Когда денек стал клониться к вечеру, я бросил взгляд на календарь и меня стукнуло: ведь в воскресенье – мой день рождения. Это подтвердила и тарелка с пирожками, которые всегда преподносит мне к этому дню сеньора Акино Дериси, принимавшая роды у моей матери. Ловить аромат этого чуда кулинарии, настолько мне родного, и думать, что, пожалуй, здорово бы провести вечерок с сеньором Сальдуэндо, ложилось, как говорят у нас в Бурсако, один к одному. Благоразумно выжидая на кухне захода солнца – чрезмерное любопытство соседей у нас в порядке вещей, – я до восьми с четвертью разрисовывал мебелюшку, которую изготовил из ящичков из-под сахара «Лансерос». Хорошенько закутавшись в пончо, ибо вечерняя свежесть коварна, я отправился на одиннадцатом номере – то есть на своих двоих – к дому учителя и друга. Я вошел, как собака в свою конуру, потому что дверь у сеньора Сальдуэндо была всегда открыта, сеньор, как и его сердце. Гостеприимный хозяин блистал своим отсутствием! Чтобы зазря не ходить туда-сюда, я решил чуток подождать – а вдруг он сейчас вернется. Около умывальника, не слишком далеко от таза с кувшином, находилась кипа книг, которые я позволил себе просмотреть. Я снова повторяю: лучше бы мне этого не делать – это были книги издательства «Опортет и Эресес». Верно говорят: меньше знаешь – лучше спишь; до сего дня я не могу забыть книг, которые издавал дон Венсеслао. Страницы пестрели голыми бабами во всей красе, а на обложках значилось: «Благоухающий сад», «Китайский шпион», «Гермафродит» Антонио Панормитано, «Камасутра и/или Ананга-Ранга», «Печальные одеяния», были также произведения Элефантиса и Архиепископа из Беневенто. Вот так клубничка!

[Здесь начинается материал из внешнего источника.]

text \<open>Reverse or swap segments until the shared edge is the first segment of both factors.\<close>
lemma crossing_corr_common_edge:
  "crossing_corr i j i (cyc_succ l j) = const_u"
  "crossing_corr i j i (cyc_pred l j) = const_u"
  "crossing_corr i j (cyc_succ k i) j = const_u"
  "crossing_corr i j (cyc_pred k i) j = const_u"
proof -
  show "crossing_corr i j i (cyc_succ l j) = const_u"
    unfolding crossing_corr_def edge_crossing_def
    by (rule integral_eps_common_edge) (use i j in \<open>simp_all add: vertex_facts\<close>)
  have "crossing_corr i j i (cyc_pred l j) = (\<integral>pos.
      eps (pos (xs ! i)) (pos (xs ! cyc_succ k i)) (pos (ys ! cyc_pred l j)) (pos (ys ! j)) *
      eps (pos (xs ! i)) (pos (xs ! cyc_succ k i)) (pos (ys ! j)) (pos (ys ! cyc_succ l j))
      \<partial>embed_measure n)"
    by (rule crossing_corr_eq_integral) (use j in \<open>simp add: edge_crossing_def cyc_succ_pred\<close>)
  also have "\<dots> = const_u"
    by (rule integral_eps_common_edge) (use i j in \<open>simp_all add: vertex_facts\<close>)
  finally show "crossing_corr i j i (cyc_pred l j) = const_u" .
  have "crossing_corr i j (cyc_succ k i) j = (\<integral>pos.
      eps (pos (ys ! j)) (pos (ys ! cyc_succ l j)) (pos (xs ! i)) (pos (xs ! cyc_succ k i)) *
      eps (pos (ys ! j)) (pos (ys ! cyc_succ l j)) (pos (xs ! cyc_succ k i))
        (pos (xs ! cyc_succ k (cyc_succ k i))) \<partial>embed_measure n)"
    by (rule crossing_corr_eq_integral) (simp add: edge_crossing_def eps_commute)
  also have "\<dots> = const_u"
    by (rule integral_eps_common_edge) (use i j in \<open>simp_all add: vertex_facts\<close>)
  finally show "crossing_corr i j (cyc_succ k i) j = const_u" .
  have "crossing_corr i j (cyc_pred k i) j = (\<integral>pos.
      eps (pos (ys ! j)) (pos (ys ! cyc_succ l j)) (pos (xs ! cyc_pred k i)) (pos (xs ! i)) *
      eps (pos (ys ! j)) (pos (ys ! cyc_succ l j)) (pos (xs ! i)) (pos (xs ! cyc_succ k i))
      \<partial>embed_measure n)"
    by (rule crossing_corr_eq_integral)
      (use i in \<open>simp add: edge_crossing_def eps_commute cyc_succ_pred mult.commute\<close>)
  also have "\<dots> = const_u"
    by (rule integral_eps_common_edge) (use i j in \<open>simp_all add: vertex_facts\<close>)
  finally show "crossing_corr i j (cyc_pred k i) j = const_u" .
qed

text \<open>The mixed cases need one edge reversed in each factor.\<close>
lemma crossing_corr_adjacent_edges:
  "crossing_corr i j (cyc_succ k i) (cyc_succ l j) = const_v"
  "crossing_corr i j (cyc_pred k i) (cyc_pred l j) = const_v"
  "crossing_corr i j (cyc_succ k i) (cyc_pred l j) = const_v"
  "crossing_corr i j (cyc_pred k i) (cyc_succ l j) = const_v"
proof -
  show "crossing_corr i j (cyc_succ k i) (cyc_succ l j) = const_v"
    unfolding crossing_corr_def edge_crossing_def
    by (rule integral_eps_adjacent_edges) (use i j in \<open>simp_all add: vertex_facts\<close>)
  have "crossing_corr i j (cyc_pred k i) (cyc_pred l j) = (\<integral>pos.
      eps (pos (xs ! cyc_pred k i)) (pos (xs ! i)) (pos (ys ! cyc_pred l j)) (pos (ys ! j)) *
      eps (pos (xs ! i)) (pos (xs ! cyc_succ k i)) (pos (ys ! j)) (pos (ys ! cyc_succ l j))
      \<partial>embed_measure n)"
    by (rule crossing_corr_eq_integral)
      (use i j in \<open>simp add: edge_crossing_def cyc_succ_pred mult.commute\<close>)
  also have "\<dots> = const_v"
    by (rule integral_eps_adjacent_edges) (use i j in \<open>simp_all add: vertex_facts\<close>)
  finally show "crossing_corr i j (cyc_pred k i) (cyc_pred l j) = const_v" .
  have "crossing_corr i j (cyc_succ k i) (cyc_pred l j) = (\<integral>pos.
      eps (pos (xs ! i)) (pos (xs ! cyc_succ k i)) (pos (ys ! cyc_succ l j)) (pos (ys ! j)) *
      eps (pos (xs ! cyc_succ k i)) (pos (xs ! cyc_succ k (cyc_succ k i))) (pos (ys ! j))
        (pos (ys ! cyc_pred l j)) \<partial>embed_measure n)"
    by (rule crossing_corr_eq_integral)
      (use j in \<open>simp add: edge_crossing_def cyc_succ_pred eps_reverse_right[of _ _ "pos (ys ! j)" for pos]\<close>)
  also have "\<dots> = const_v"
    by (rule integral_eps_adjacent_edges) (use i j in \<open>simp_all add: vertex_facts\<close>)
  finally show "crossing_corr i j (cyc_succ k i) (cyc_pred l j) = const_v" .
  have "crossing_corr i j (cyc_pred k i) (cyc_succ l j) = (\<integral>pos.
      eps (pos (xs ! cyc_pred k i)) (pos (xs ! i)) (pos (ys ! cyc_succ l (cyc_succ l j)))
        (pos (ys ! cyc_succ l j)) *
      eps (pos (xs ! i)) (pos (xs ! cyc_succ k i)) (pos (ys ! cyc_succ l j)) (pos (ys ! j))
      \<partial>embed_measure n)"
    by (rule crossing_corr_eq_integral)
      (use i in \<open>simp add: edge_crossing_def cyc_succ_pred mult.commute eps_reverse_right[of _ _ "pos (ys ! cyc_succ l j)" for pos]\<close>)
  also have "\<dots> = const_v"
    by (rule integral_eps_adjacent_edges) (use i j in \<open>simp_all add: vertex_facts\<close>)
  finally show "crossing_corr i j (cyc_pred k i) (cyc_succ l j) = const_v" .
qed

Я не какой-нибудь отъявленный пуританин, и порой не прочь гульнуть, и ухом не веду, когда слышу смачные выражения того святоши из Турдеры, но, знаете, это ни в какие ворота не лезло, и я решил пойти спать. И сразу же ушел, правду говорю.

Прошло несколько дней, а я ничего не знал о доне Венсеслао. А потом по округе прокатилась сногсшибательная новость, и я был последним, кто узнал ее. Однажды вечером подмастерье парикмахера показал мне газету с фотографией дона Венсеслао, на которой он был более всего похож на темно-коричневого негра; над фотографией я прочитал заголовок: «РАЗРАСТАЕТСЯ СКАНДАЛ С ИЗДАТЕЛЕМ ПОРНОГРАФИЧЕСКОЙ ЛИТЕРАТУРЫ. ГРЯЗНАЯ АФЕРА». У меня подкосились ноги, в глазах помутилось, и я рухнул в кресло. Не понимая ничего, я дочитал статью до конца, но больше всего меня расстроил непочтительный тон, каким они говорили о сеньоре Сальдуэндо.

Два года спустя дон Венсеслао вышел из тюрьмы. Без лишнего шума – что и было в его натуре – он вернулся в Бурсако, тощий, как скелет, но с высоко поднятой головой. Он распрощался с поездами и не выходил из дома даже на прогулки по близлежащим окрестностям. Вот тогда-то, да будет вам известно, его и наградили ласковым прозвищем «Дон Старая Черепаха», ведь он никуда не выходил, и было почти невозможно встретить его где-нибудь на фуражном складе Буратти или же на птицеферме Рейносо. Он никогда не хотел вспоминать о причинах своих несчастий, но, связав концы с концами, я понял, что сеньор Опортет просто-напросто воспользовался безграничной добротой дона Венсеслао и взвалил на него всю ответственность за свою книготорговлю, когда увидел, что дело труба.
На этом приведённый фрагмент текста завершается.